Language support in Salience

The Salience text analytics engine is designed to support multiple languages with a single flexible codebase. During the development of support for each new language, Lexalytics creates components that are specific to the needs of the individual language. This page links to additional information about the specifics of each language that we support in Salience.

Starting in Salience 6.1.1, we offer "Second Tier" support for an expanded list of languages. Second Tier languages only feature document level model based sentiment and queries.

Starting in Salience 6.1.1.1479 we offer "Basic Languages" support for additional languages. Basic Languages feature support for document level sentiment, entities and queries.

European language support

CJK language support

Second Tier Support

Basic Language Support

Functionality Support

All Salience functionality is developed for analysis of English content first, with subsequent updates to deploy these techniques to the other languages we support. The table below describes the functionality currently available across the currently available language packs.

EN FR ES PT IT DE NL ZH KO JP
Document-level functionality
Core NLP1 Y Y Y Y Y Y Y Y Y Y
Summaries Y Y Y Y Y Y Y Y Y Y
Themes Y Y Y Y Y Y Y Y Y Y
Sentiment2 Y Y Y Y Y Y Y Y Y Y
Query Topics Y Y Y Y Y Y Y Y Y Y
Concept Topics Y Y Y Y Y Y Y Y Y Y
Categories3 Y N N N N N N N N N
Intentions3 Y N N N N N N N N N
Entity-level functionality
Named entities Y Y Y Y Y Y Y Y4 Y4 Y4
Relationships5 Y - - - - - - - - -
Opinions5 Y - - - - - - - - -
Entity sentiment Y Y Y Y Y Y Y Y Y Y
Entity themes Y Y Y Y Y Y Y Y Y Y
User-defined entities Y Y Y Y Y Y Y Y Y Y
Collection-level functionality
Collection entities Y Y Y Y Y Y Y Y Y Y
Collection themes Y Y Y Y Y Y Y Y Y Y
Collection facets Y Y Y Y Y Y Y Y Y Y
Collection Query Topics Y Y Y Y Y Y Y Y Y Y
Collection Concept Topics Y Y Y Y Y Y Y Y Y Y

Notes

1) Core NLP consists of document tokenization, POS tagging, and chunking. Document details enables access to core NLP results such as bigrams and trigrams, POS tags, term frequencies, etc.

2) All languages support phrase-based sentiment analysis, which is the recommended approach. Model-based sentiment is also supported with a default sentiment model in most languages, and a tool provided to enable customers to generate sentiment models from their own content.

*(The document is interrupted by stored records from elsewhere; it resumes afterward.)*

lemma F_Cone_minimal_displacement_bounded:
  assumes F_Cone: "has_F_Cone G S H"
    and \<phi>: "\<And>n. \<phi> n \<in> hom H G" and bp: "\<And>n. bp n \<in> carrier G"
    and minimal: "\<And>n x. x \<in> carrier G \<Longrightarrow> displacement (\<phi> n) (bp n) \<le> displacement (\<phi> n) x"
    and large: "\<And>n. n < displacement (\<phi> n) (bp n)"
  shows False
proof -
  define lam where "lam n = real (displacement (\<phi> n) (bp n))" for n
  have pos: "\<And>n. 0 < displacement (\<phi> n) (bp n)"
    using large by (metis gr_zeroI less_nat_zero_code)
  then have lam_pos: "\<forall>n. lam n > 0"
    by (simp add: lam_def)
  have lam_top: "filterlim lam at_top sequentially"
    by (rule filterlim_at_top_mono[OF filterlim_real_sequentially])
      (use large in \<open>auto simp: lam_def less_imp_le\<close>)
  have bounded: "\<forall>h\<in>carrier H. bdd_above (range (\<lambda>n. word_dist G S (\<phi> n h \<otimes> bp n) (bp n) / lam n))"
  proof
    fix h
    assume "h \<in> carrier H"
    from rescaled_move_dist_bdd_above[OF this \<phi> bp pos]
    show "bdd_above (range (\<lambda>n. word_dist G S (\<phi> n h \<otimes> bp n) (bp n) / lam n))"
      by (simp only: lam_def)
  qed
  obtain \<omega> where \<omega>: "nonprincipal_ultrafilter \<omega>"
    using ex_nonprincipal_ultrafilter by blast
  with \<phi> bp lam_pos lam_top bounded
  have "nonprincipal_ultrafilter \<omega> \<and> (\<forall>n. lam n > 0) \<and> filterlim lam at_top sequentially
      \<and> (\<forall>n. bp n \<in> carrier G) \<and> (\<forall>n. \<phi> n \<in> hom H G)
      \<and> (\<forall>h\<in>carrier H. bdd_above (range (\<lambda>n. word_dist G S (\<phi> n h \<otimes> bp n) (bp n) / lam n)))"
    by blast
  from F_Cone[unfolded has_F_Cone_def, rule_format, OF this]
  obtain x where x: "\<And>n. x n \<in> carrier G"
    and fixed: "\<forall>h\<in>carrier H. ((\<lambda>n. word_dist G S (\<phi> n h \<otimes> x n) (x n) / lam n) \<longlongrightarrow> 0) \<omega>"
    by blast
  have "\<forall>t\<in>T. eventually (\<lambda>n. word_dist G S (\<phi> n t \<otimes> x n) (x n) / lam n < 1) \<omega>"
  proof
    fix t
    assume "t \<in> T"
    with fixed T_carrier have "((\<lambda>n. word_dist G S (\<phi> n t \<otimes> x n) (x n) / lam n) \<longlongrightarrow> 0) \<omega>"
      by blast
    then show "eventually (\<lambda>n. word_dist G S (\<phi> n t \<otimes> x n) (x n) / lam n < 1) \<omega>"
      by (rule order_tendstoD(2)) simp
  qed
  then have "eventually (\<lambda>n. \<forall>t\<in>T. word_dist G S (\<phi> n t \<otimes> x n) (x n) / lam n < 1) \<omega>"
    by (rule eventually_ball_finite[OF T_finite])
  moreover have "\<exists>t\<in>T. 1 \<le> word_dist G S (\<phi> n t \<otimes> x n) (x n) / lam n" for n
    unfolding lam_def by (rule generator_moves_by_minimal_displacement[OF x minimal pos])
  ultimately have "eventually (\<lambda>n. False) \<omega>"
    by (elim eventually_mono) (meson not_less)
  with \<omega> show False
    by (simp add: nonprincipal_ultrafilter_def)
qed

3) Categorization functionality based on Wikipedia was released in Salience 5.1.1, support for this feature is currently only available for English. Intention extraction was released in Salience 6, support for this feature is currently only available in English.

4) The default threshold for entity extraction is 55. For improved recall in entity extraction from Chinese and Korean content, we recommend decreasing the default threshold to 35.

5) Entity relationship extraction is a pattern-based feature that functionally supported in each language, but the patterns have not been translated into non-English languages.

6) Entity opinion extraction is a pattern-based feature that functionally supported in each language, but the patterns have not been translated into non-English languages.